Data extracts –
(* Let $R>0$ and $\Theta=(\alpha,\rho_r,\rho_d,\rho_s,\rho_0,T)$ with $\alpha>1$, $\rho_r,\rho_d,\rho_s,\rho_0>0$, $T>1$, and set $\beta=\rho_d/\rho_r$, $\delta=\rho_s/\rho_r$, $\mu=\rho_0/\rho_r$, $K_{max}(\Theta)=\min\big(\frac T4,\frac1{3\mu},\frac{3\beta}{2\mu}\big)$. Suppose (A) $K_{max}(\Theta)>10$; (D.1) $\rho_r>\frac{\alpha}{2\delta}$; (D.2) $\rho_r>\frac{3\alpha}{4(1+\beta)^2R}\,g^2\!\big(\frac{4R}{3K_{max}(\Theta)}\big)$; (D.3) $\rho_r<\frac{\alpha}{(1+\beta)^2}\frac{g^2(R)}{R}$. Then $\frac38<\frac{\zeta'_{zf}(R,\Theta)}{\zeta'_{csi}(R,\Theta)}<1$.
   Context: $g(x)=\sqrt{\frac{x}{2^x-1}}\big(2^x x\ln2-2^x+1\big)$, $x>0$. For reals $M>K$, $1\le K\le\tau<T$, let $$\gamma_u=\frac{K+\tau}{2\tau(M-K)}\Big(2^{\frac{R}{K(1-\tau/T)}}-1\Big)+\sqrt{\Big(\frac{K+\tau}{2\tau(M-K)}\Big(2^{\frac{R}{K(1-\tau/T)}}-1\Big)\Big)^2+\frac{2^{\frac{R}{K(1-\tau/T)}}-1}{\tau(M-K)}},$$ $$\frac{R}{\zeta_{zf}(M,K,\tau,R,\Theta)}=\alpha K\gamma_u+\rho_s+K\Big(\rho_d+\frac{8K^2\rho_0}{3T}\Big)+M\Big(\rho_r+2K\rho_0+\frac{4K^2\rho_0}{T}\Big).$$ $\zeta'_{zf}(R,\Theta)$ is the supremum of $\zeta_{zf}(M,K,\tau,R,\Theta)$ over real $(M,K,\tau)$ with $1\le K\le K_{max}(\Theta)$, $K\le\tau<T$, $M>K$. For real $M>K\ge1$, $$\frac{1}{\zeta_{csi}(M,K,R,\Theta)}=\frac1R\Big[\frac{\alpha K}{M-K}\big(2^{R/K}-1\big)+M\rho_r+K\rho_d+\rho_s\Big],$$ and $\zeta'_{csi}(R,\Theta)$ is the maximum of $\zeta_{csi}(M,K,R,\Theta)$ over real $(M,K)$ with $1\le K\le K_{max}(\Theta)$, $M>K$. *)

theory Defs
  imports Complex_Main
begin

definition g :: "real \<Rightarrow> real" where
  "g x = sqrt (x / (2 powr x - 1)) * (2 powr x * x * ln 2 - 2 powr x + 1)"

definition Kmax :: "real \<Rightarrow> real \<Rightarrow> real \<Rightarrow> real \<Rightarrow> real \<Rightarrow> real \<Rightarrow> real" where
  "Kmax \<alpha> \<rho>r \<rho>d \<rho>s \<rho>0 T =
     (let \<beta> = \<rho>d / \<rho>r; \<mu> = \<rho>0 / \<rho>r in min (T / 4) (min (1 / (3 * \<mu>)) (3 * \<beta> / (2 * \<mu>))))"

definition gamma_u :: "real \<Rightarrow> real \<Rightarrow> real \<Rightarrow> real \<Rightarrow> real \<Rightarrow> real" where
  "gamma_u M K \<tau> R T =
     (let a = (K + \<tau>) / (2 * \<tau> * (M - K)) * (2 powr (R / (K * (1 - \<tau> / T))) - 1)
      in a + sqrt (a\<^sup>2 + (2 powr (R / (K * (1 - \<tau> / T))) - 1) / (\<tau> * (M - K))))"

definition zeta_zf :: "real \<Rightarrow> real \<Rightarrow> real \<Rightarrow> real \<Rightarrow> real \<Rightarrow> real \<Rightarrow> real \<Rightarrow> real \<Rightarrow> real \<Rightarrow> real \<Rightarrow> real" where
  "zeta_zf M K \<tau> R \<alpha> \<rho>r \<rho>d \<rho>s \<rho>0 T =
     R / (\<alpha> * K * gamma_u M K \<tau> R T + \<rho>s + K * (\<rho>d + 8 * K\<^sup>2 * \<rho>0 / (3 * T))
          + M * (\<rho>r + 2 * K * \<rho>0 + 4 * K\<^sup>2 * \<rho>0 / T))"

definition zeta_zf' :: "real \<Rightarrow> real \<Rightarrow> real \<Rightarrow> real \<Rightarrow> real \<Rightarrow> real \<Rightarrow> real \<Rightarrow> real" where
  "zeta_zf' R \<alpha> \<rho>r \<rho>d \<rho>s \<rho>0 T =
     Sup {zeta_zf M K \<tau> R \<alpha> \<rho>r \<rho>d \<rho>s \<rho>0 T | M K \<tau>.
            1 \<le> K \<and> K \<le> Kmax \<alpha> \<rho>r \<rho>d \<rho>s \<rho>0 T \<and> K \<le> \<tau> \<and> \<tau> < T \<and> K < M}"

definition zeta_csi :: "real \<Rightarrow> real \<Rightarrow> real \<Rightarrow> real \<Rightarrow> real \<Rightarrow> real \<Rightarrow> real \<Rightarrow> real" where
  "zeta_csi M K R \<alpha> \<rho>r \<rho>d \<rho>s =
     R / (\<alpha> * K / (M - K) * (2 powr (R / K) - 1) + M * \<rho>r + K * \<rho>d + \<rho>s)"

definition zeta_csi' :: "real \<Rightarrow> real \<Rightarrow> real \<Rightarrow> real \<Rightarrow> real \<Rightarrow> real \<Rightarrow> real \<Rightarrow> real" where
  "zeta_csi' R \<alpha> \<rho>r \<rho>d \<rho>s \<rho>0 T =
     Sup {zeta_csi M K R \<alpha> \<rho>r \<rho>d \<rho>s | M K.
            1 \<le> K \<and> K \<le> Kmax \<alpha> \<rho>r \<rho>d \<rho>s \<rho>0 T \<and> K < M}"

end

theory Submission
  imports Defs
begin

(*
  Write both efficiencies as R divided by a cost. Since gamma_u M K tau R T >= (2^(R/K) - 1)/(M - K)
  and M K >= 1, the zero-forcing cost exceeds the CSI cost by at least 2 rho_0 at every admissible
  point, so the zero-forcing optimum is strictly smaller.

  For the other bound, let P_k = alpha k (2^(4R/(3k)) - 1) and
  F(k) = 4 sqrt(rho_r P_k) + 2k (rho_r + rho_d) + 2 rho_s. For 1 <= k <= Kmax, the zero-forcing
  cost at K = tau = k, M = k + sqrt(P_k / rho_r) is below F(k) (this is where (D1) enters),
  while AM-GM bounds F(4K/3) by 8/3 times the CSI cost at (M, K), minus 2/3 rho_s. When 4K/3
  exceeds Kmax we use F(Kmax) <= F(4K/3): in the variable z = 4R/(3k), F has derivative of the
  sign of 2 sqrt C g(z) - B for suitable constants C, B, and since g is increasing, (D2) makes it
  nonpositive on the relevant range. Taking suprema gives 3/8 of the CSI optimum as a strict lower
  bound.
*)

lemma mult_exp_minus_exp_plus_one_nonneg:
  fixes t :: real
  assumes "0 \<le> t"
  shows "0 \<le> t * exp t - exp t + 1"
proof -
  have "(1 - t) * exp t \<le> exp (- t) * exp t"
    using exp_ge_add_one_self[of "- t"] by (intro mult_right_mono) auto
  also have "\<dots> = 1" by (simp add: exp_minus)
  finally show ?thesis by (simp add: algebra_simps)
qed

lemma mult_exp_minus_exp_plus_one_square_le:
  fixes t :: real
  assumes "0 \<le> t"
  shows "(t * exp t - exp t + 1)\<^sup>2 \<le> 2 * t\<^sup>2 * exp t * (exp t - 1)"
proof -
  define E n where "E = exp t" and "n = t * E - E + 1"
  have n_nonneg: "0 \<le> n" using mult_exp_minus_exp_plus_one_nonneg[OF assms] by (simp add: n_def E_def)
  have E_ge: "1 + t \<le> E" using exp_ge_add_one_self[of t] by (simp add: E_def)
  have "n \<le> t * E" using E_ge assms by (simp add: n_def)
  then have "n\<^sup>2 \<le> t * E * n"
    using n_nonneg by (simp add: power2_eq_square mult_right_mono)
  also have "\<dots> \<le> t * E * (2 * t * (E - 1))"
  proof (rule mult_left_mono)
    have "(1 + t) * (1 + t) \<le> E * (1 + t)" using E_ge assms by (intro mult_right_mono) auto
    then show "n \<le> 2 * t * (E - 1)"
      using assms by (simp add: n_def algebra_simps) (smt (verit) mult_nonneg_nonneg)
  qed (use assms E_ge in auto)
  finally show ?thesis by (simp add: n_def E_def power2_eq_square algebra_simps)
qed

definition g_square :: "real \<Rightarrow> real" where
  "g_square x = x * (exp (x * ln 2) * x * ln 2 - exp (x * ln 2) + 1)\<^sup>2 / (exp (x * ln 2) - 1)"

lemma g_square_has_derivative:
  fixes x :: real
  assumes "0 < x"
  defines "E \<equiv> exp (x * ln 2)"
  defines "n \<equiv> E * x * ln 2 - E + 1"
  shows "(g_square has_real_derivative
           n * (2 * (x * ln 2)\<^sup>2 * E * (E - 1) - n\<^sup>2) / (E - 1)\<^sup>2) (at x)"
proof -
  have "E \<noteq> 1" using assms by (simp add: E_def)
  then show ?thesis
    unfolding g_square_def
    by (auto intro!: derivative_eq_intros simp: E_def n_def)
       (simp add: divide_simps power2_eq_square algebra_simps)
qed

lemma g_square_mono:
  assumes "0 < x" "x \<le> y"
  shows "g_square x \<le> g_square y"
  using assms(2)
proof (rule DERIV_nonneg_imp_nondecreasing)
  fix z :: real
  assume "x \<le> z"
  then have "0 < z" using assms by simp
  define t E n where "t = z * ln 2" and "E = exp (z * ln 2)" and "n = E * z * ln 2 - E + 1"
  have "0 \<le> t" by (simp add: t_def \<open>0 < z\<close> less_imp_le)
  have "0 \<le> n" using mult_exp_minus_exp_plus_one_nonneg[OF \<open>0 \<le> t\<close>]
    by (simp add: n_def E_def t_def algebra_simps)
  moreover have "n\<^sup>2 \<le> 2 * t\<^sup>2 * E * (E - 1)"
    using mult_exp_minus_exp_plus_one_square_le[OF \<open>0 \<le> t\<close>] by (simp add: n_def E_def t_def algebra_simps)
  ultimately have "0 \<le> n * (2 * t\<^sup>2 * E * (E - 1) - n\<^sup>2) / (E - 1)\<^sup>2" by simp
  then show "\<exists>D. (g_square has_real_derivative D) (at z) \<and> 0 \<le> D"
    using g_square_has_derivative[OF \<open>0 < z\<close>] by (auto simp: t_def E_def n_def)
qed

lemma g_eq_sqrt_g_square:
  assumes "0 < x"
  shows "g x = sqrt (g_square x)"
proof -
  define n where "n = exp (x * ln 2) * x * ln 2 - exp (x * ln 2) + 1"
  have "0 \<le> n" using mult_exp_minus_exp_plus_one_nonneg[of "x * ln 2"] assms
    by (simp add: n_def algebra_simps)
  then have "g x = sqrt (x / (exp (x * ln 2) - 1)) * sqrt (n\<^sup>2)"
    by (simp add: g_def powr_def n_def)
  also have "\<dots> = sqrt (x / (exp (x * ln 2) - 1) * n\<^sup>2)"
    by (simp only: real_sqrt_mult)
  also have "\<dots> = sqrt (g_square x)"
    by (simp add: g_square_def n_def)
  finally show ?thesis .
qed

lemma g_mono: "0 < x \<Longrightarrow> x \<le> y \<Longrightarrow> g x \<le> g y"
  by (simp add: g_eq_sqrt_g_square g_square_mono)

lemma sqrt_powr_plus_reciprocal_has_derivative:
  fixes B C z :: real
  assumes "0 < C" "0 < z"
  shows "((\<lambda>z. 4 * sqrt (C * (exp (z * ln 2) - 1) / z) + B / z) has_real_derivative
           (2 * sqrt C * g z - B) / z\<^sup>2) (at z)"
proof -
  define E where "E = exp (z * ln 2)"
  have "1 < E" using assms by (simp add: E_def)
  define s where "s = sqrt ((E - 1) / z)"
  have "0 < s" using assms \<open>1 < E\<close> by (simp add: s_def)
  have g_z: "g z = (E * z * ln 2 - E + 1) / s"
    by (simp add: g_def powr_def E_def s_def real_sqrt_divide)
  have "sqrt (C * (E - 1) / z) = sqrt C * s"
    by (metis real_sqrt_mult s_def times_divide_eq_right)
  then have "inverse (sqrt (C * (E - 1) / z)) * (E * ln 2 * C * z - C * (E - 1)) = sqrt C * g z"
    unfolding g_z using assms \<open>0 < s\<close> by (simp add: field_simps)
  moreover have "0 < C * (E - 1) / z" using assms \<open>1 < E\<close> by simp
  ultimately show ?thesis
    unfolding E_def by (auto intro!: derivative_eq_intros) (simp add: power2_eq_square diff_divide_distrib)
qed

lemma sqrt_powr_plus_reciprocal_antimono:
  fixes B C x y :: real
  assumes "0 < C" "0 < x" "x \<le> y" and slope: "2 * sqrt C * g y \<le> B"
  shows "4 * sqrt (C * (2 powr y - 1) / y) + B / y \<le> 4 * sqrt (C * (2 powr x - 1) / x) + B / x"
proof -
  have "4 * sqrt (C * (exp (y * ln 2) - 1) / y) + B / y
      \<le> 4 * sqrt (C * (exp (x * ln 2) - 1) / x) + B / x"
    using \<open>x \<le> y\<close>
  proof (rule DERIV_nonpos_imp_nonincreasing)
    fix z assume z: "x \<le> z" "z \<le> y"
    with assms have "0 < z" by simp
    have "2 * sqrt C * g z \<le> B"
      using g_mono[OF \<open>0 < z\<close> \<open>z \<le> y\<close>] slope \<open>0 < C\<close>
      by (smt (verit) mult_left_mono real_sqrt_ge_zero)
    then have "(2 * sqrt C * g z - B) / z\<^sup>2 \<le> 0"
      by (simp add: divide_nonpos_nonneg)
    then show "\<exists>D. ((\<lambda>z. 4 * sqrt (C * (exp (z * ln 2) - 1) / z) + B / z)
                      has_real_derivative D) (at z) \<and> D \<le> 0"
      using sqrt_powr_plus_reciprocal_has_derivative[OF \<open>0 < C\<close> \<open>0 < z\<close>] by blast
  qed
  then show ?thesis by (simp add: powr_def)
qed

lemma gamma_u_ge:
  fixes M K \<tau> R T :: real
  assumes "0 < K" "K \<le> \<tau>" "\<tau> < T" "K < M" "0 \<le> R"
  shows "(2 powr (R / K) - 1) / (M - K) \<le> gamma_u M K \<tau> R T"
proof -
  define b where "b = 2 powr (R / (K * (1 - \<tau> / T))) - 1"
  define a where "a = (K + \<tau>) / (2 * \<tau> * (M - K)) * b"
  have "0 < K * (1 - \<tau> / T)" "K * (1 - \<tau> / T) \<le> K"
    using assms by (auto simp: field_simps)
  then have "R / K \<le> R / (K * (1 - \<tau> / T))"
    using assms by (intro divide_left_mono) auto
  then have b_ge: "2 powr (R / K) - 1 \<le> b" by (simp add: b_def)
  have "0 \<le> 2 powr (R / K) - 1" using assms by (simp add: ge_one_powr_ge_zero)
  then have "0 \<le> b" using b_ge by linarith
  have "(2 powr (R / K) - 1) / (M - K) \<le> b / (M - K)"
    using b_ge assms by (simp add: divide_right_mono)
  also have "\<dots> \<le> (K + \<tau>) / \<tau> * (b / (M - K))"
    using assms \<open>0 \<le> b\<close> by (auto simp: mult_le_cancel_right1 le_divide_eq mult.commute[of b] intro: mult_right_mono)
  also have "\<dots> = 2 * a" using assms by (simp add: a_def field_simps)
  also have "\<dots> \<le> a + sqrt (a\<^sup>2 + b / (\<tau> * (M - K)))"
    using assms \<open>0 \<le> b\<close> by (simp add: real_le_rsqrt)
  also have "\<dots> = gamma_u M K \<tau> R T" by (simp add: gamma_u_def a_def b_def Let_def)
  finally show ?thesis .
qed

To do – Nothing before the line holding "(K + \<tau>) / \<tau>" belongs in the answer. Repeat that line and the rest of the listing exactly.

Finished task –
  also have "\<dots> \<le> (K + \<tau>) / \<tau> * (b / (M - K))"
    using assms \<open>0 \<le> b\<close> by (auto simp: mult_le_cancel_right1 le_divide_eq mult.commute[of b] intro: mult_right_mono)
  also have "\<dots> = 2 * a" using assms by (simp add: a_def field_simps)
  also have "\<dots> \<le> a + sqrt (a\<^sup>2 + b / (\<tau> * (M - K)))"
    using assms \<open>0 \<le> b\<close> by (simp add: real_le_rsqrt)
  also have "\<dots> = gamma_u M K \<tau> R T" by (simp add: gamma_u_def a_def b_def Let_def)
  finally show ?thesis .
qed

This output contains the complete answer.